Using the listing below, print the line that contains "(inverse ((2 +" and each line after it, exactly as shown, through the final one.

▸ **Excerpted data**
'''
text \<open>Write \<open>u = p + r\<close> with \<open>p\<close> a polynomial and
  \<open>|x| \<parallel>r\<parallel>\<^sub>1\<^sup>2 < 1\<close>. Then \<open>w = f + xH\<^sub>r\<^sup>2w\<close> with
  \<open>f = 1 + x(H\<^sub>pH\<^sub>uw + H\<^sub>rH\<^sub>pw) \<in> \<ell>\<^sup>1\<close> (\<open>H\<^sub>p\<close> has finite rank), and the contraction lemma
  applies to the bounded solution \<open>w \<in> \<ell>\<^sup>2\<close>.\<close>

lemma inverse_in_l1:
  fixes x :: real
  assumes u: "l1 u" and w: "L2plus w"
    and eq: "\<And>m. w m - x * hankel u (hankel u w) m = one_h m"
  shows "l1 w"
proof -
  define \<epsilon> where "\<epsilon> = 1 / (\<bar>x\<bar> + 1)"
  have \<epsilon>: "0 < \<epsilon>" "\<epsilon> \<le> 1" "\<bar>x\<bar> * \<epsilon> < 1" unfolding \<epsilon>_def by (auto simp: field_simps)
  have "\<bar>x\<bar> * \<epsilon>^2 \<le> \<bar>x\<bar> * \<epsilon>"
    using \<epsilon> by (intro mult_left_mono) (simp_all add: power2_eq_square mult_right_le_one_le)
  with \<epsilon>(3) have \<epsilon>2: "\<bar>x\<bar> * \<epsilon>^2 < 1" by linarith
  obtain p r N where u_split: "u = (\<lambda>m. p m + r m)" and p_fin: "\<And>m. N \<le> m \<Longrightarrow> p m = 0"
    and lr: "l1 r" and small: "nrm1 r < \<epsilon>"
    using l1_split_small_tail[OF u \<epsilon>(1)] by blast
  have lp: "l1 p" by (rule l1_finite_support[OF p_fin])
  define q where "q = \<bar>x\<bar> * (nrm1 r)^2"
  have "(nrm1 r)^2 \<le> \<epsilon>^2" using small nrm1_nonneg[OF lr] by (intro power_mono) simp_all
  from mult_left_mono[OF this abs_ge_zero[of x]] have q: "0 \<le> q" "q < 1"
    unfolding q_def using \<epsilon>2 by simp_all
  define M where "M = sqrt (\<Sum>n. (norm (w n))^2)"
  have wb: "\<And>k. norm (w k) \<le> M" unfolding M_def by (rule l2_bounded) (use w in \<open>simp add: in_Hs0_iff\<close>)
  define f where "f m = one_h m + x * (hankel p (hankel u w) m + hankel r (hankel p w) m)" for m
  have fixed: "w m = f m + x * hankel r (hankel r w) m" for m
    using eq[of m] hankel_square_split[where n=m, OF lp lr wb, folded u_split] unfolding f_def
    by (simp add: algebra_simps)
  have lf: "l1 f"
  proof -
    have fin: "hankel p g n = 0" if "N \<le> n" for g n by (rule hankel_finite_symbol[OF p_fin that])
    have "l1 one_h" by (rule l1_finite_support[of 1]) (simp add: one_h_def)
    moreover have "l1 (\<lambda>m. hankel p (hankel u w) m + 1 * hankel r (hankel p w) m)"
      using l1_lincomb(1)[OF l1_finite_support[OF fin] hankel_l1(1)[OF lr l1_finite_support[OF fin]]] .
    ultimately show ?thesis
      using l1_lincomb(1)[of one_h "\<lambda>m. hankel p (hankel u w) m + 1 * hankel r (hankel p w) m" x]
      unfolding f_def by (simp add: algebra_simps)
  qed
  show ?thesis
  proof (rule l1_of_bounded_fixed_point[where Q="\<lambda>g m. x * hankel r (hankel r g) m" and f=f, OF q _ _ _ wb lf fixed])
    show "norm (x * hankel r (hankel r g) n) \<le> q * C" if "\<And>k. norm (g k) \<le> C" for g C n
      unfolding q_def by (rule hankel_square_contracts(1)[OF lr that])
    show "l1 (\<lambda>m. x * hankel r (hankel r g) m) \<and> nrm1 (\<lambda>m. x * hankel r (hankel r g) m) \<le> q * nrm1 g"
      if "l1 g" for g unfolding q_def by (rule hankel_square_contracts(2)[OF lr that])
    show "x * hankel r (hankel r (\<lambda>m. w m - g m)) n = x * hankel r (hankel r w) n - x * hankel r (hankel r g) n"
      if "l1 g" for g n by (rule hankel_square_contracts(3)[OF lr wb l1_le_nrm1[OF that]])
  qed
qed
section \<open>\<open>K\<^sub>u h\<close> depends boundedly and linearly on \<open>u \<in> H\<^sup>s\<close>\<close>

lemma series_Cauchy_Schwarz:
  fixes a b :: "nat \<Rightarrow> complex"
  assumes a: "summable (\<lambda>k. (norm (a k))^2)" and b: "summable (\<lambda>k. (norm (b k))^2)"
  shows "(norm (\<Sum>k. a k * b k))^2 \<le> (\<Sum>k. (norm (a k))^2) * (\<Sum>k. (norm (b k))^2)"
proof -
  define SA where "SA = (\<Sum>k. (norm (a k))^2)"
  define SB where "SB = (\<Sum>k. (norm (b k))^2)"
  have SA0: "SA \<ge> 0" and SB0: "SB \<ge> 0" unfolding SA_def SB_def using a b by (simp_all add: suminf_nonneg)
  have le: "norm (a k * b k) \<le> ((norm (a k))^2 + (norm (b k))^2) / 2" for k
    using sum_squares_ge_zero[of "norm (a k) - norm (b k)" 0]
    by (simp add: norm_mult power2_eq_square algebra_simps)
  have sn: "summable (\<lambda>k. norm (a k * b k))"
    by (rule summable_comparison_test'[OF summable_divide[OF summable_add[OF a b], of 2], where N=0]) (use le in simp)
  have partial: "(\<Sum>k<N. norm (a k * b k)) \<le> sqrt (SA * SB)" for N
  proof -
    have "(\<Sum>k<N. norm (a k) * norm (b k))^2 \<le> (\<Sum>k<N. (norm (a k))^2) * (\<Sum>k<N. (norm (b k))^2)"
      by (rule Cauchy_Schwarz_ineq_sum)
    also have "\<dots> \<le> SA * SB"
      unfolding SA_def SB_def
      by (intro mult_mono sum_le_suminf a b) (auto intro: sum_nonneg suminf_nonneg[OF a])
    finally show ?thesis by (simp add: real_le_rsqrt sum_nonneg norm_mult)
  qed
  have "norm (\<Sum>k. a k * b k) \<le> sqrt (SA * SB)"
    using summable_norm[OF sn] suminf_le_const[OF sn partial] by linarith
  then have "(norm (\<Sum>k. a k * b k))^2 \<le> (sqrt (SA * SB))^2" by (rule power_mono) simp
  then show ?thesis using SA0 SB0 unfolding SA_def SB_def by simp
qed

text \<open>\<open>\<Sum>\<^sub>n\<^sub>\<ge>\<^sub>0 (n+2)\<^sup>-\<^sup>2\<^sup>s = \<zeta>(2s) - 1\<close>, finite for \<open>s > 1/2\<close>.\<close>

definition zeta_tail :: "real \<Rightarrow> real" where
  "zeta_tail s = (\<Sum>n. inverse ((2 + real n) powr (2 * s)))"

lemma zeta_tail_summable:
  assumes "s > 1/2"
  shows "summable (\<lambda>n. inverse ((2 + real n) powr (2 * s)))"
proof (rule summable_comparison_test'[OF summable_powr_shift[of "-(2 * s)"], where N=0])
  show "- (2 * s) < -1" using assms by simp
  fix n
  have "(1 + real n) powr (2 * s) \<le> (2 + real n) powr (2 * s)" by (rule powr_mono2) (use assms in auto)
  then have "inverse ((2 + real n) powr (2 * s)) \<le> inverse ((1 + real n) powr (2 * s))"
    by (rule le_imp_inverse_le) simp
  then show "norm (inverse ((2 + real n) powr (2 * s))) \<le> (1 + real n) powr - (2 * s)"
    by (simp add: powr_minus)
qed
'''
▸ **Exercise answer**
  then show "norm (inverse ((2 + real n) powr (2 * s))) \<le> (1 + real n) powr - (2 * s)"
    by (simp add: powr_minus)
qed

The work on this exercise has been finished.